Что касается судебного штрафа, то данная мера в соответствии со ст. 76-2 УК РФ является формой освобождения от уголовной ответственности и назначается судом только в случае освобождения лица, совершившего преступление, от уголовной ответственности (ст. 104-4 УК РФ). А конфискация имущества может применяться только при вынесении обвинительного приговора и назначении наказания лицам, признанным виновными в совершении преступления.
Таким образом, иные меры уголовно-правового характера – это либо меры медицинского характера, применяемые в отношении невменяемых, не подлежащих уголовной ответственности, либо меры медицинского характера, применяемые в отношении лиц, признанных вменяемыми, но нуждающимися в лечении, либо меры, применяемые при освобождении от уголовной ответственности в связи с заменой ее судебным штрафом. В отличие от конфискации имущества ни меры медицинского характера, ни судебный штраф не являются формой реализации уголовной ответственности. Поэтому нормы о конфискации имущества не могут находиться в разделе VI УК РФ вместе с принудительными мерами медицинского характера и судебным штрафом как имеющие принципиально разную юридическую природу. «Иные меры» в такой трактовке не образуют систему, так как оторваны друг от друга [6,с. 872].

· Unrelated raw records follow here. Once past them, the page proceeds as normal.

lemma smooth_fun_twice_differentiable:
  assumes "smooth_fun f"
  shows "twice_differentiable f"
proof -
  have "Ck 2 f"
    using assms unfolding smooth_fun_def by blast
  then show ?thesis
    by (auto simp: twice_differentiable_def differentiable_on_def numeral_2_eq_2)
qed

lemma slice_has_derivative:
  assumes "f differentiable (at (a, y))"
  shows "((\<lambda>y. f (a, y)) has_derivative (\<lambda>u. frechet_derivative f (at (a, y)) (0, u))) (at y)"
proof -
  have "(f has_derivative frechet_derivative f (at (a, y))) (at (a, y))"
    using assms frechet_derivative_works by blast
  moreover have "((\<lambda>y. (a, y)) has_derivative (\<lambda>u. (0, u))) (at y)"
    by (auto intro!: derivative_eq_intros)
  ultimately show ?thesis
    using has_derivative_compose by fastforce
qed

lemma twice_differentiable_slice:
  fixes f :: "'a::real_normed_vector \<times> 'b::real_normed_vector \<Rightarrow> real"
  assumes f: "twice_differentiable f"
  shows "twice_differentiable (\<lambda>y. f (a, y))"
  unfolding twice_differentiable_def
proof (intro conjI allI)
  show "(\<lambda>y. f (a, y)) differentiable (at y)" for y
    using f slice_has_derivative unfolding twice_differentiable_def differentiable_def by blast
  fix v y :: 'b
  have D: "frechet_derivative (\<lambda>y. f (a, y)) (at z) v = frechet_derivative f (at (a, z)) (0, v)" for z
    using f frechet_derivative_at[OF slice_has_derivative, of f a z] unfolding twice_differentiable_def
    by (metis (no_types))
  have "(\<lambda>y. (a, y)) differentiable (at y)"
    by (rule differentiableI, auto intro!: derivative_eq_intros)
  moreover have "(\<lambda>p. frechet_derivative f (at p) (0, v)) differentiable (at (a, y))"
    using f unfolding twice_differentiable_def by blast
  ultimately show "(\<lambda>z. frechet_derivative (\<lambda>y. f (a, y)) (at z) v) differentiable (at y)"
    using differentiable_chain_at[of "\<lambda>y. (a, y)" y "\<lambda>p. frechet_derivative f (at p) (0, v)"]
    by (simp add: D o_def)
qed

lemma dtime_taylor_bigo:
  fixes phi :: "real \<times> (real^'d) \<Rightarrow> real"
  assumes phi: "twice_differentiable phi"
  shows "(\<lambda>dx. phi (a * dx, x) - (phi (0, x) + a * dx * dtime phi (0, x))) \<in> O[at_right 0](\<lambda>dx. dx\<^sup>2)"
proof -
  have "(\<lambda>h. phi ((0, x) + h *\<^sub>R (a, 0)) - phi (0, x) - h * frechet_derivative phi (at (0, x)) (a, 0))
      \<in> O[at_right 0](\<lambda>h. h\<^sup>2)"
    by (rule directional_taylor_bigo[OF phi])
  moreover have "frechet_derivative phi (at (0, x)) (a, 0) = a * dtime phi (0, x)"
    using linear_scale[OF twice_differentiable_linear[OF phi, of "(0, x)"], of a "(1, 0)"] by (simp add: dtime_def)
  ultimately show ?thesis
    by (simp add: algebra_simps)
qed

section \<open>Finite combinations of shifts\<close>

text \<open>\<open>shift_comb \<psi> F a b\<close>: \<open>F \<Delta>x = \<Sum> a\<^sub>k \<psi>(\<cdot> - \<Delta>x v\<^sub>k)\<close> for finitely many \<open>a\<^sub>k, v\<^sub>k\<close>, with mass
  \<open>a = \<Sum> a\<^sub>k\<close> and first moment \<open>b = \<Sum> a\<^sub>k v\<^sub>k\<close>.\<close>

inductive shift_comb :: "('a::real_normed_vector \<Rightarrow> real) \<Rightarrow> (real \<Rightarrow> 'a \<Rightarrow> real) \<Rightarrow> real \<Rightarrow> 'a \<Rightarrow> bool"
  for \<psi> where
  zero: "shift_comb \<psi> (\<lambda>dx y. 0) 0 0"
| shift: "shift_comb \<psi> (\<lambda>dx y. \<psi> (y - dx *\<^sub>R v)) 1 v"
| add: "shift_comb \<psi> F a b \<Longrightarrow> shift_comb \<psi> G a' b' \<Longrightarrow>
    shift_comb \<psi> (\<lambda>dx y. F dx y + G dx y) (a + a') (b + b')"
| scale: "shift_comb \<psi> F a b \<Longrightarrow> shift_comb \<psi> (\<lambda>dx y. r * F dx y) (r * a) (r *\<^sub>R b)"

Нормы о конфискации имущества, содержащиеся в главе 15.1 раздела VIУголовного кодекса РФ, обладают целым рядом других серьезных недостатков, в связи с чем их нельзя назвать эффективными, особенно по отношению к преступлениям корыстной и коррупционной направленности.
Также следует согласиться, что перечень «конфискационных» преступлений, закрепленный в п. «а» ч. 1 ст. 104.1 УК РФ, не имеет четких критериев. Преступления, включенные в него, относятся к различным категориям преступлений (ст. 15 УК РФ), расположены в разных главах УК РФ и, следовательно, имеют разные родовые и видовые объекты, имеют разные мотивы и цели совершения преступления[1, с. 22-23].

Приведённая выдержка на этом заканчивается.